Вдруг на столе начинает звонить мобильный. Мелодия привлекает внимание Мередит, и девушка с опаской оглядывается и, клянусь, уставляется на меня. С трудом разгибаю окаменевшие руки и отвечаю на вызов.
– Да, – рявкаю я, раздраженный тем, что меня раскрыли, или тем, что приходится наконец отвлечься.
– Па, привет, – на другом конце провода слышится голос Кайла. Черт, я сбил парня с толку.
– Прости, – закрываю глаза ладонью, пыхтя, будто пробежал кросс.
– Что-то случилось? Ты в порядке?
– Просто опять завал на работе, – а еще у меня стояк на маленькую киску, поселившуюся в моем доме. – Что ты хотел, парень? Не говори, что тебя отчисляют на последнем году обучения или что тебя арестовали. Снова.
Кайл неплохой парень, но ему слишком нравится адреналин после нескольких стопок бурбона, потому мне приходилось несколько раз приезжать в Бостон и вызволять его. А еще у него туго с посещаемостью, чем пользуются в университете. Декан под словами «вас могут исключить» маскирует «внесите пожертвования в мой карман». Он пользуется фамилией Монтгомери, зная, сколько у нас денег, а я позволяю это делать, чтобы Кайла не вышибли к чертям.
Кайл тихо посмеивается, я слышу, как он закатывает глаза.

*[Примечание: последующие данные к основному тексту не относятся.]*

lemma stopping_time_enat_le_sets:
  assumes "stopping_time_enat M F \<nu>"
  shows "{x\<in>space M. \<nu> x \<le> enat k} \<in> sets (F k)"
proof -
  have "{x\<in>space M. \<nu> x \<le> enat k} = (\<Union>i\<le>k. {x\<in>space M. \<nu> x = enat i})"
    by (auto simp: enat_ile) (metis atMost_iff enat_ile enat_ord_simps(1))
  also have "\<dots> \<in> sets (F k)"
    using stopping_time_enat_eq_sets[OF assms] sets_F_mono by (intro sets.finite_UN) auto
  finally show ?thesis .
qed

lemma stopping_time_enat_Suc_le_sets:
  assumes "stopping_time_enat M F \<nu>"
  shows "{x\<in>space M. enat (Suc k) \<le> \<nu> x} \<in> sets (F k)"
proof -
  have "{x\<in>space M. enat (Suc k) \<le> \<nu> x} = space (F k) - {x\<in>space M. \<nu> x \<le> enat k}"
    by (auto simp: Suc_ile_eq not_le)
  then show ?thesis using sets.compl_sets[OF stopping_time_enat_le_sets[OF assms, of k]] by simp
qed

lemma stopping_time_enat_ge_sets:
  assumes "stopping_time_enat M F \<nu>"
  shows "{x\<in>space M. enat k \<le> \<nu> x} \<in> sets (F k)"
proof (cases k)
  case 0
  then show ?thesis using sets.top[of "F k"] by (simp add: zero_enat_def[symmetric])
next
  case (Suc k')
  then show ?thesis using stopping_time_enat_Suc_le_sets[OF assms, of k'] sets_F_mono[of k' k] by auto
qed

lemma stopping_time_enat_measurable:
  assumes "stopping_time_enat M F \<nu>"
  shows "\<nu> \<in> M \<rightarrow>\<^sub>M count_space UNIV"
proof -
  have eq: "{x\<in>space M. \<nu> x = enat n} \<in> sets M" for n
    using stopping_time_enat_eq_sets[OF assms] by (rule sets_F_imp_sets)
  have "\<nu> -` {a} \<inter> space M \<in> sets M" for a
  proof (cases a)
    case (enat n)
    then show ?thesis using eq[of n] by (simp add: vimage_def Int_def conj_commute)
  next
    case infinity
    then have "\<nu> -` {a} \<inter> space M = space M - (\<Union>n. {x\<in>space M. \<nu> x = enat n})" by auto
    then show ?thesis using eq by auto
  qed
  then show ?thesis by (subst measurable_count_space_eq_countable) auto
qed

lemma stopping_time_enat_pred:
  "stopping_time_enat M F \<nu> \<Longrightarrow> Measurable.pred M (\<lambda>x. P (\<nu> x))"
  using measurable_compose[OF stopping_time_enat_measurable, of \<nu> "\<lambda>e. P e" "count_space UNIV"]
  by auto

lemma fin_set_sets: "stopping_time_enat M F \<nu> \<Longrightarrow> fin_set M \<nu> \<in> sets M"
  unfolding fin_set_def using stopping_time_enat_pred[of \<nu> "\<lambda>e. e < \<infinity>"] by (simp add: pred_def)

lemma stopping_time_enat_zero: "stopping_time_enat M F (\<lambda>_. 0)"
  unfolding stopping_time_enat_def
proof
  fix k
  have "{x \<in> space M. (0::enat) = enat k} = (if k = 0 then space (F k) else {})"
    by (auto simp: zero_enat_def)
  then show "{x \<in> space M. (0::enat) = enat k} \<in> sets (F k)" by (metis sets.empty_sets sets.top)
qed

end

locale regular_filtered_prob_space = filtered_prob_space +
  fixes R :: real
  assumes regular_F: "regular M F R"
begin

lemma regular_ge_1: "1 \<le> R"
proof -
  interpret S1: sigma_finite_subalgebra M "F 1" by (rule sigma_finite_subalgebra_F)
  interpret S0: sigma_finite_subalgebra M "F 0" by (rule sigma_finite_subalgebra_F)
  have "AE x in M. real_cond_exp M (F 1) (\<lambda>x. 1) x \<le> R * real_cond_exp M (F 0) (\<lambda>x. 1) x"
    using regular_F unfolding regular_def by (auto dest!: spec[of _ "\<lambda>x. 1"] spec[of _ 1])
  moreover have "AE x in M. real_cond_exp M (F 1) (\<lambda>x. 1) x = 1"
    by (rule S1.real_cond_exp_F_meas) auto
  moreover have "AE x in M. real_cond_exp M (F 0) (\<lambda>x. 1) x = 1"
    by (rule S0.real_cond_exp_F_meas) auto
  ultimately have "AE x in M. 1 \<le> R" by eventually_elim simp
  then show ?thesis using AE_False by (cases "1 \<le> R") auto
qed

end

section \<open>The stopping rule\<close>

locale sparse_construction = regular_filtered_prob_space +
  fixes f :: "'a \<Rightarrow> real" and B :: real
  assumes f_measurable [measurable]: "f \<in> borel_measurable M"
    and f_bounded: "\<And>x. x \<in> space M \<Longrightarrow> \<bar>f x\<bar> \<le> B"
begin

(* thr caps the conditional probability of exceeding the level and K the square function
   increment before the next stop; r makes the two stopping events add up to the sparseness
   ratio 1/2. *)
definition "r = 1 / (2 * (R + 3))"
definition "thr = 1 / (R + 1)"
definition "K = R + 3"

lemma r_pos: "0 < r" and r_le_thr: "r \<le> thr" and thr_pos: "0 < thr"
  and R_thr_less_1: "R * thr < 1" and K_pos: "0 < K"
  using regular_ge_1 by (auto simp: r_def thr_def K_def field_simps)

lemma r_less_1: "r < 1"
  using r_le_thr R_thr_less_1 regular_ge_1 thr_pos by (smt (verit) mult_le_cancel_right1)

lemma r_div_thr_plus_inverse_K: "r / thr + 1 / K = 1 / 2"
proof -
  have "0 < R + 1" "0 < R + 3" using regular_ge_1 by auto
  then have "r / thr = (R + 1) / (2 * (R + 3))" by (simp add: r_def thr_def field_simps)
  with \<open>0 < R + 3\<close> show ?thesis by (simp add: K_def field_simps)
qed

abbreviation "E k \<equiv> real_cond_exp M (F k) f"

lemma integrable_f: "integrable M f"
  using f_bounded by (intro integrable_const_bound[where B=B]) auto

lemma AE_abs_E_le: "AE x in M. \<forall>k. \<bar>E k x\<bar> \<le> B"
proof -
  have "AE x in M. \<bar>E k x\<bar> \<le> B" for k
  proof -
    interpret sigma_finite_subalgebra M "F k" by (rule sigma_finite_subalgebra_F)
    have "AE x in M. E k x \<le> B"
      by (rule real_cond_exp_le_c[OF integrable_f]) (auto intro!: AE_I2 dest: f_bounded simp: abs_le_iff)
    moreover have "AE x in M. -B \<le> E k x"
      by (rule real_cond_exp_ge_c[OF integrable_f]) (auto intro!: AE_I2 dest: f_bounded simp: abs_le_iff)
    ultimately show ?thesis by eventually_elim auto
  qed
  then show ?thesis by (simp add: AE_all_countable)
qed

lemma mdiff_measurable: "mdiff M F f m \<in> borel_measurable (F m)"
proof (cases m)
  case (Suc m')
  have "E m' \<in> borel_measurable (F m)" using Suc by (intro measurable_F_mono[of m' m]) auto
  then show ?thesis using Suc by (simp add: mdiff.simps(2)[abs_def])
qed (simp add: mdiff.simps(1)[abs_def])

lemma AE_mdiff_square_le: "AE x in M. \<forall>m. (mdiff M F f m x)\<^sup>2 \<le> (2 * B)\<^sup>2"
  using AE_abs_E_le
proof eventually_elim
  case (elim x)
  have "\<bar>mdiff M F f m x\<bar> \<le> \<bar>2 * B\<bar>" for m
  proof (cases m)
    case 0
    then show ?thesis using elim[rule_format, of 0] by simp
  next
    case (Suc m')
    then show ?thesis
      using elim[rule_format, of m] elim[rule_format, of m'] abs_triangle_ineq4[of "E m x" "E m' x"]
      by simp
  qed
  then show ?case by (simp add: abs_le_square_iff)
qed

(* Pk only tests rational thresholds, hence a rational bound for f. *)
definition "B_ceil = real_of_int \<lceil>\<bar>B\<bar>\<rceil>"

lemma B_ceil_rat: "B_ceil \<in> \<rat>" and abs_B_le_B_ceil: "\<bar>B\<bar> \<le> B_ceil" and B_ceil_nonneg: "0 \<le> B_ceil"
  unfolding B_ceil_def by auto

definition "Mf \<nu> y = enn2ereal (stopped_max M F \<nu> f y)"

definition "level \<nu> = Pnu M F r \<nu> (Mf \<nu>)"

definition "rlevel \<nu> x = real_of_ereal (level \<nu> x)"

definition "exceed_set \<nu> = {y \<in> space M. level \<nu> y < Mf \<nu> y}"

definition "exceed_prob \<nu> k = real_cond_exp M (F k) (indicator (exceed_set \<nu>))"

definition "sq_increment n k x = (\<Sum>m\<in>{n<..k}. (mdiff M F f m x)\<^sup>2)"

(* On {nu = n} the level of nu is Pk n; stating the rule with Pk n makes it F k-measurable. *)
definition "stop_cond \<nu> n k x \<longleftrightarrow>
  thr < exceed_prob \<nu> k x \<or> K * (real_of_ereal (Pk M F r n (Mf \<nu>) x))\<^sup>2 < sq_increment n k x"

– Пап, все хорошо, – уверяет он. Я воспитывал Кайла с восьми лет, и в Интернете писали, что дети не должны называть опекуна папой или мамой. Я должен был напоминать ему о том, кто я ему, но кто же устоял бы перед слезливыми осиротевшими глазками, умоляющими меня стать его отцом? По-моему, сейчас ситуация повторяется. Те же глазки, только Мередит не называет меня папочкой. Я совсем извращенец, если теперь очень хочу услышать такое обращение, произнесенное ее тихим голоском мне на ухо? – Просто хотел спросить, как ты поживаешь. Нашел ли ты себе кого-нибудь? Я все еще жду сестру или брата.
Я бросаю мимолетный взгляд на Мередит, которая перевернулась на спину и с прикрытыми глазами замерла на середине бассейна.
– Кстати, у меня есть одна новость. Это какое-то безумие, черт побери, – потираю ноющий пах под столом, чтобы хоть как-то снять напряжение, и разглядываю чертежи нового проекта, хоть как-то отвлекаясь.
– Ты меня пугаешь. О дай угадаю! Раз ты вспомнил про новость при упоминании ребенка, значит, ты все-таки обрюхатил какую-нибудь официанточку в баре у Лу или решил выбраться из захолустья, которое называешь домом? – Кайл цокает языком, явно ухмыляясь с озорным блеском в глазах.
Я смеюсь во все горло. Лу – моя первая подруга в Джексоне. Мы даже повстречались около месяца, но разбежались, поняв, что отношения не для нас. По крайней мере, в то время. Лу – единственная, кого я могу считать другом. Время от времени я захожу к ней в бар и подцепляю официанток или клиентов, за что получаю от Лу.
– Не угадал, – цокаю языком, все еще посмеиваясь. – Помнишь, я рассказывал тебе про семью Ван дер Меер, с которой дружили мои родители? – Кайл напряженно глотает и задерживает дыхание. Он прекрасно знает нашу историю с этой семьей. – Недавно Сьюзен и Генри умерли, а мистер Ван дер Меер завещал мне свою внучку.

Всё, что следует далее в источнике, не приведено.